Comment un gamin de 14 ans affronte-t-il la mort prochaine, et redoutée, de son grand-père ? Pour son premier film après de nombreux courts-métrages primés dans les festivals, Joâo Salaviza, réalisateur portugais de 32 ans, ne choisit pas la facilité. Tout en évoquant la dilatation de l’espace et du temps (entre les derniers jours et le décès du malade) vécue par le garçon un été à Lisbonne, le jeune cinéaste suggère, par les partis-pris de cadrage et le refus du sentimentalisme, la solitude et la détresse adolescente dans une société en mal de repères. « Montanha, un adolescent à Lisbonne » met au jour les bouleversements intimes engendrés par la disparition imminente d’un proche, tout en se tenant au plus près des épreuves traversées par son jeune héros. Au-delà de l’expérience individuelle de son personnage, le talentueux Joâo Salaviza nous rend perceptibles le désarroi profond, et les ressources intimes, d’une génération en perdition, dans un pays d’Europe en grande difficulté, le Portugal.

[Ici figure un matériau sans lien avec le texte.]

(* Under Assumption 1, almost surely, for all sufficiently large $N^*$ the true partition $\mathcal{X}^*$ is the unique minimizer of $D(\mathcal{Y})=D_1(\mathcal{Y})+D_2(\mathcal{Y})$ over all partitions $\mathcal{Y}$ of $X$; that is, $\hat{\mathcal{X}}=\arg\min_{\mathcal{Y}\in\mathscr{X}}D(\mathcal{Y})$ converges almost surely to $\mathcal{X}^*$ as $N^*\to\infty$.
   Context: $X$ is finite, $\mathscr{A}$ the nonempty subsets of $X$, $\mathscr{X}$ the set of all partitions of $X$. The true choice probabilities $\bar p$ form a nondegenerate NSC with representation $(v,u,\mathcal{X}^* )$, $\mathcal{X}^*=\{X_1,\dots,X_K\}$, $K\ge2$: $\bar p(a,A)=\frac{v(A\cap X_i)}{\sum_j v(A\cap X_j)}\frac{u(a)}{\sum_{b\in A\cap X_i}u(b)}$ for $a\in A\cap X_i$, with $u>0$, $v(\emptyset)=0$, $\bar p>0$ on $\{(a,A):a\in A\}$; nondegenerate means at most one $i$ for which some $a\in X_i$ satisfies $\frac{\sum_{x\in A_i}u(x)}{v(A_i)}=\frac{u(a)}{v(\{a\})}$ for all $A_i\subseteq X_i$ containing $a$. Data: for each menu $A$, $N_A$ independent observed choices from $A$, each drawn according to $\bar p(\cdot,A)$, independent across menus; $p(a,A)$ is the observed frequency of $a$ among the $N_A$ choices from $A$. $N^*=\min_{A\in\mathscr{A}}N_A$, and asymptotic statements refer to $N^*\to\infty$ (sample sizes increasing along nested samples). For $A'\subseteq X$ write $p(A',A)=\sum_{a\in A'}p(a,A)$, $r_A(A',B')=p(A',A)/p(B',A)$, and $\bar r_A(A',B')=\bar p(A',A)/\bar p(B',A)$; $r_A(a,b)=r_A(\{a\},\{b\})$. For $\mathcal{Y}\in\mathscr{X}$: $D_1(\mathcal{Y})$ is the average, over all tuples $(Y,A,B,a,b)$ with $Y\in\mathcal{Y}$, $A,B\in\mathscr{A}$, $a,b\in A\cap B\cap Y$, of $\big(\log r_A(a,b)-\log r_B(a,b)\big)^2$ (sum divided by the number of such tuples). $D_2(\mathcal{Y})$ is the average, over all tuples $(Y,Y',A,B)$ with $Y,Y'\in\mathcal{Y}$, $A,B\in\mathscr{A}$, $A\cap Y=B\cap Y\ne\emptyset$, $A\cap Y'=B\cap Y'\ne\emptyset$, of $\big(\log r_A(Y,Y')-\log r_B(Y,Y')\big)^2$. ($D$ is defined whenever all observed frequencies are positive, which holds almost surely for large $N^*$.) Assumption 1: for all distinct $i,j\le K$, every nonempty $A_i\subsetneq X_i$ and every nonempty $A_j\subseteq X_j$, there exist $A,B\in\mathscr{A}$ with $A_i\cup A_j\subseteq A\cap B$ and $\bar r_A(A_i,A_j)\ne\bar r_B(A_i,A_j)$. *)

theory Defs
  imports "HOL-Probability.Probability" "HOL-Library.Disjoint_Sets"
begin

definition menus :: "'a set \<Rightarrow> 'a set set" where
  "menus X = {A. A \<subseteq> X \<and> A \<noteq> {}}"

definition block_of :: "'a set set \<Rightarrow> 'a \<Rightarrow> 'a set" where
  "block_of P a = (THE Y. Y \<in> P \<and> a \<in> Y)"

definition nsc :: "'a set set \<Rightarrow> ('a set \<Rightarrow> real) \<Rightarrow> ('a \<Rightarrow> real) \<Rightarrow> 'a \<Rightarrow> 'a set \<Rightarrow> real" where
  "nsc P v u a A =
     (if a \<in> A then
        v (A \<inter> block_of P a) / (\<Sum>Y\<in>P. v (A \<inter> Y))
        * (u a / (\<Sum>b\<in>A \<inter> block_of P a. u b))
      else 0)"

definition degenerate_block :: "('a set \<Rightarrow> real) \<Rightarrow> ('a \<Rightarrow> real) \<Rightarrow> 'a set \<Rightarrow> bool" where
  "degenerate_block v u Xi \<longleftrightarrow>
     (\<exists>a\<in>Xi. \<forall>Ai. Ai \<subseteq> Xi \<and> a \<in> Ai \<longrightarrow> (\<Sum>x\<in>Ai. u x) / v Ai = u a / v {a})"

definition nondegenerate :: "'a set set \<Rightarrow> ('a set \<Rightarrow> real) \<Rightarrow> ('a \<Rightarrow> real) \<Rightarrow> bool" where
  "nondegenerate P v u \<longleftrightarrow> card {Xi \<in> P. degenerate_block v u Xi} \<le> 1"

definition setp :: "('a \<Rightarrow> 'a set \<Rightarrow> real) \<Rightarrow> 'a set \<Rightarrow> 'a set \<Rightarrow> real" where
  "setp p B A = (\<Sum>a\<in>B. p a A)"

definition ratio :: "('a \<Rightarrow> 'a set \<Rightarrow> real) \<Rightarrow> 'a set \<Rightarrow> 'a set \<Rightarrow> 'a set \<Rightarrow> real" where
  "ratio p A B C = setp p B A / setp p C A"

definition assumption1 :: "'a set \<Rightarrow> 'a set set \<Rightarrow> ('a \<Rightarrow> 'a set \<Rightarrow> real) \<Rightarrow> bool" where
  "assumption1 X P pbar \<longleftrightarrow>
    (\<forall>Xi\<in>P. \<forall>Xj\<in>P. Xi \<noteq> Xj \<longrightarrow>
       (\<forall>Ai Aj. Ai \<noteq> {} \<and> Ai \<subset> Xi \<and> Aj \<noteq> {} \<and> Aj \<subseteq> Xj \<longrightarrow>
          (\<exists>A\<in>menus X. \<exists>B\<in>menus X. Ai \<union> Aj \<subseteq> A \<inter> B \<and>
              ratio pbar A Ai Aj \<noteq> ratio pbar B Ai Aj)))"

definition D1 :: "'a set \<Rightarrow> ('a \<Rightarrow> 'a set \<Rightarrow> real) \<Rightarrow> 'a set set \<Rightarrow> real" where
  "D1 X p Q =
    (let T = {(Y, A, B, a, b). Y \<in> Q \<and> A \<in> menus X \<and> B \<in> menus X \<and>
                 a \<in> A \<inter> B \<inter> Y \<and> b \<in> A \<inter> B \<inter> Y}
     in (\<Sum>(Y, A, B, a, b)\<in>T. (ln (ratio p A {a} {b}) - ln (ratio p B {a} {b}))^2) / real (card T))"

definition D2 :: "'a set \<Rightarrow> ('a \<Rightarrow> 'a set \<Rightarrow> real) \<Rightarrow> 'a set set \<Rightarrow> real" where
  "D2 X p Q =
    (let T = {(Y, Y', A, B). Y \<in> Q \<and> Y' \<in> Q \<and> A \<in> menus X \<and> B \<in> menus X \<and>
                 A \<inter> Y = B \<inter> Y \<and> A \<inter> Y \<noteq> {} \<and> A \<inter> Y' = B \<inter> Y' \<and> A \<inter> Y' \<noteq> {}}
     in (\<Sum>(Y, Y', A, B)\<in>T. (ln (ratio p A Y Y') - ln (ratio p B Y Y'))^2) / real (card T))"

definition D :: "'a set \<Rightarrow> ('a \<Rightarrow> 'a set \<Rightarrow> real) \<Rightarrow> 'a set set \<Rightarrow> real" where
  "D X p Q = D1 X p Q + D2 X p Q"

(* Observed frequency of a among the first N A draws xi A 0, ..., xi A (N A - 1) from menu A *)
definition freq :: "('a set \<Rightarrow> nat \<Rightarrow> 'w \<Rightarrow> 'a) \<Rightarrow> ('a set \<Rightarrow> nat) \<Rightarrow> 'w \<Rightarrow> 'a \<Rightarrow> 'a set \<Rightarrow> real" where
  "freq xi N w a A = real (card {n. n < N A \<and> xi A n w = a}) / real (N A)"

end

theory Submission
  imports Defs
begin

text \<open>At the true choice probabilities the discrepancy vanishes on the true partition: inside a
block the odds of two alternatives are \<open>u a / u b\<close>, and the odds of two blocks
\<open>Y, Y'\<close> are \<open>v (A \<inter> Y) / v (A \<inter> Y')\<close>, which only depend on the traces of the menu.
For any other partition \<open>Q\<close> the discrepancy is strictly positive. If a block of \<open>Q\<close>
meets two true blocks, Assumption 1 yields two menus on which the odds of two of its alternatives
differ (nondegeneracy rules out that both true blocks are singletons), so \<open>D\<^sub>1 > 0\<close>;
otherwise \<open>Q\<close> strictly refines the true partition, some block of \<open>Q\<close> lies properly inside
a true block, and Assumption 1 gives \<open>D\<^sub>2 > 0\<close>. Hoeffding's inequality and Borel-Cantelli
make the observed frequencies converge almost surely; \<open>D\<close> is continuous at the true
probabilities and there are only finitely many partitions, so these strict inequalities persist
once all sample sizes are large.\<close>

section \<open>Strong law of large numbers for empirical frequencies\<close>

lemma (in prob_space) AE_tendsto_if_summable_deviation:
  fixes Y :: "nat \<Rightarrow> 'a \<Rightarrow> real"
  assumes [measurable]: "\<And>n. Y n \<in> borel_measurable M"
    and summable: "\<And>e. e > 0 \<Longrightarrow> summable (\<lambda>n. prob {w \<in> space M. e \<le> \<bar>Y n w - c\<bar>})"
  shows "AE w in M. (\<lambda>n. Y n w) \<longlonglongrightarrow> c"
proof -
  have "AE w in M. eventually (\<lambda>n. \<bar>Y n w - c\<bar> < e) sequentially" if "e > 0" for e
  proof -
    have "AE w in M. eventually (\<lambda>n. w \<in> space M - {w \<in> space M. e \<le> \<bar>Y n w - c\<bar>}) sequentially"
      by (rule borel_cantelli_AE1) (use summable[OF that] in \<open>auto simp: emeasure_eq_measure\<close>)
    then show ?thesis
      by (rule eventually_mono) (auto elim: eventually_mono)
  qed
  then have "AE w in M. \<forall>m. eventually (\<lambda>n. \<bar>Y n w - c\<bar> < 1 / Suc m) sequentially"
    by (subst AE_all_countable) auto
  then show ?thesis
  proof (rule eventually_mono)
    fix w assume close: "\<forall>m. eventually (\<lambda>n. \<bar>Y n w - c\<bar> < 1 / Suc m) sequentially"
    show "(\<lambda>n. Y n w) \<longlonglongrightarrow> c"
    proof (rule tendstoI)
      fix e :: real assume "e > 0"
      then obtain m where "1 / Suc m < e" by (rule nat_approx_posE)
      with close show "eventually (\<lambda>n. dist (Y n w) c < e) sequentially"
        by (auto simp: dist_real_def elim!: allE[of _ m] eventually_mono)
    qed
  qed
qed

lemma card_eq_sum_indicator:
  fixes n :: nat
  shows "real (card {k. k < n \<and> f k = s}) = (\<Sum>k<n. indicator {s} (f k))"
proof -
  have "{k. k < n \<and> f k = s} = {..<n} \<inter> {k. f k = s}"
    by auto
  then show ?thesis
    by (simp add: indicator_def)
qed

text \<open>The bound is stated for all \<open>n\<close>, trivially for \<open>n = 0\<close>, so that it can be compared
  with a geometric series.\<close>

lemma (in prob_space) prob_frequency_deviation_le:
  fixes Z :: "'i \<Rightarrow> 'a \<Rightarrow> 'b" and g :: "nat \<Rightarrow> 'i"
  assumes indep: "indep_vars (\<lambda>_. count_space S) Z I"
    and g: "inj g" "range g \<subseteq> I"
    and q: "\<And>k. prob {w \<in> space M. Z (g k) w = s} = q"
    and e: "e > 0"
  shows "prob {w \<in> space M. e \<le> \<bar>card {k. k < n \<and> Z (g k) w = s} / n - q\<bar>} \<le> 2 * exp (-2 * e\<^sup>2) ^ n"
proof (cases "n = 0")
  case True
  then show ?thesis by (simp add: order.trans[OF prob_le_1])
next
  case False
  define F :: "'i \<Rightarrow> 'a \<Rightarrow> real" where "F i w = indicator {s} (Z i w)" for i w
  let ?J = "g ` {..<n}"
  have indF: "indep_vars (\<lambda>_. borel) F I"
    unfolding F_def by (rule indep_vars_compose2[OF indep]) auto
  have EF: "expectation (F (g k)) = q" for k
  proof -
    have "Z (g k) \<in> measurable M (count_space S)"
      using indep g unfolding indep_vars_def by blast
    then have "{w \<in> space M. Z (g k) w = s} \<in> events"
      by measurable
    moreover have "expectation (F (g k)) = expectation (indicator {w \<in> space M. Z (g k) w = s})"
      by (rule Bochner_Integration.integral_cong) (auto simp: F_def indicator_def)
    ultimately show ?thesis
      using q[of k] by simp
  qed
  interpret H: Hoeffding_ineq M ?J F "\<lambda>_. 0" "\<lambda>_. 1" "\<Sum>i\<in>?J. expectation (F i)"
  proof unfold_locales
    show "indep_vars (\<lambda>_. borel) F ?J"
      by (rule indep_vars_subset[OF indF]) (use g in auto)
  qed (auto simp: F_def)
  have card_J: "card ?J = n"
    using g by (simp add: card_image inj_on_def)
  have count: "(\<Sum>i\<in>?J. F i w) = card {k. k < n \<and> Z (g k) w = s}" for w
  proof -
    have "(\<Sum>i\<in>?J. F i w) = (\<Sum>k<n. F (g k) w)"
      using g by (simp add: sum.reindex inj_on_def)
    also have "\<dots> = card {k. k < n \<and> Z (g k) w = s}"
      by (simp add: F_def card_eq_sum_indicator)
    finally show ?thesis .
  qed
  have mean: "(\<Sum>i\<in>?J. expectation (F i)) = n * q"
    using g by (simp add: sum.reindex inj_on_def EF)
  have "{w \<in> space M. e \<le> \<bar>card {k. k < n \<and> Z (g k) w = s} / n - q\<bar>}
      = {w \<in> space M. \<bar>(\<Sum>i\<in>?J. F i w) - (\<Sum>i\<in>?J. expectation (F i))\<bar> \<ge> e * n}"
    using False by (auto simp: count mean field_simps abs_minus_commute
        abs_divide[symmetric] simp flip: abs_mult)
  also have "prob \<dots> \<le> 2 * exp (-2 * (e * n)\<^sup>2 / (\<Sum>i\<in>?J. (1 - 0)\<^sup>2))"
    by (rule H.Hoeffding_ineq_abs_ge) (use e False card_J in auto)
  also have "\<dots> = 2 * exp (-2 * e\<^sup>2) ^ n"
    using False card_J by (simp add: power2_eq_square exp_of_nat_mult[symmetric])
  finally show ?thesis .
qed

Isolement silencieux, déni de la mort
Allongé sur le flanc, le dos nu dans la pénombre d’une chambre aux rideaux tirés, un garçon saisi dans son sommeil par une caméra attentive en un plan prolongé, dans la moiteur d’un matin paresseux. L‘injonction à se lever formulée par la mère, venue s’étendre à ses côtés, provoque un léger déplacement du corps et un mutisme durable. Quelques plans plus tard, l’enjeu se précise. Le grand-père de David va mourir mais l’enfant ne veut pas le voir, dans tous les sens du terme. Lorsqu’il accompagne sa mère, et sa petite sœur, dans l’établissement de soins où le malade est hospitalisé, il reste à la porte de la chambre et prend la ‘tangente’ dès qu’il le peut.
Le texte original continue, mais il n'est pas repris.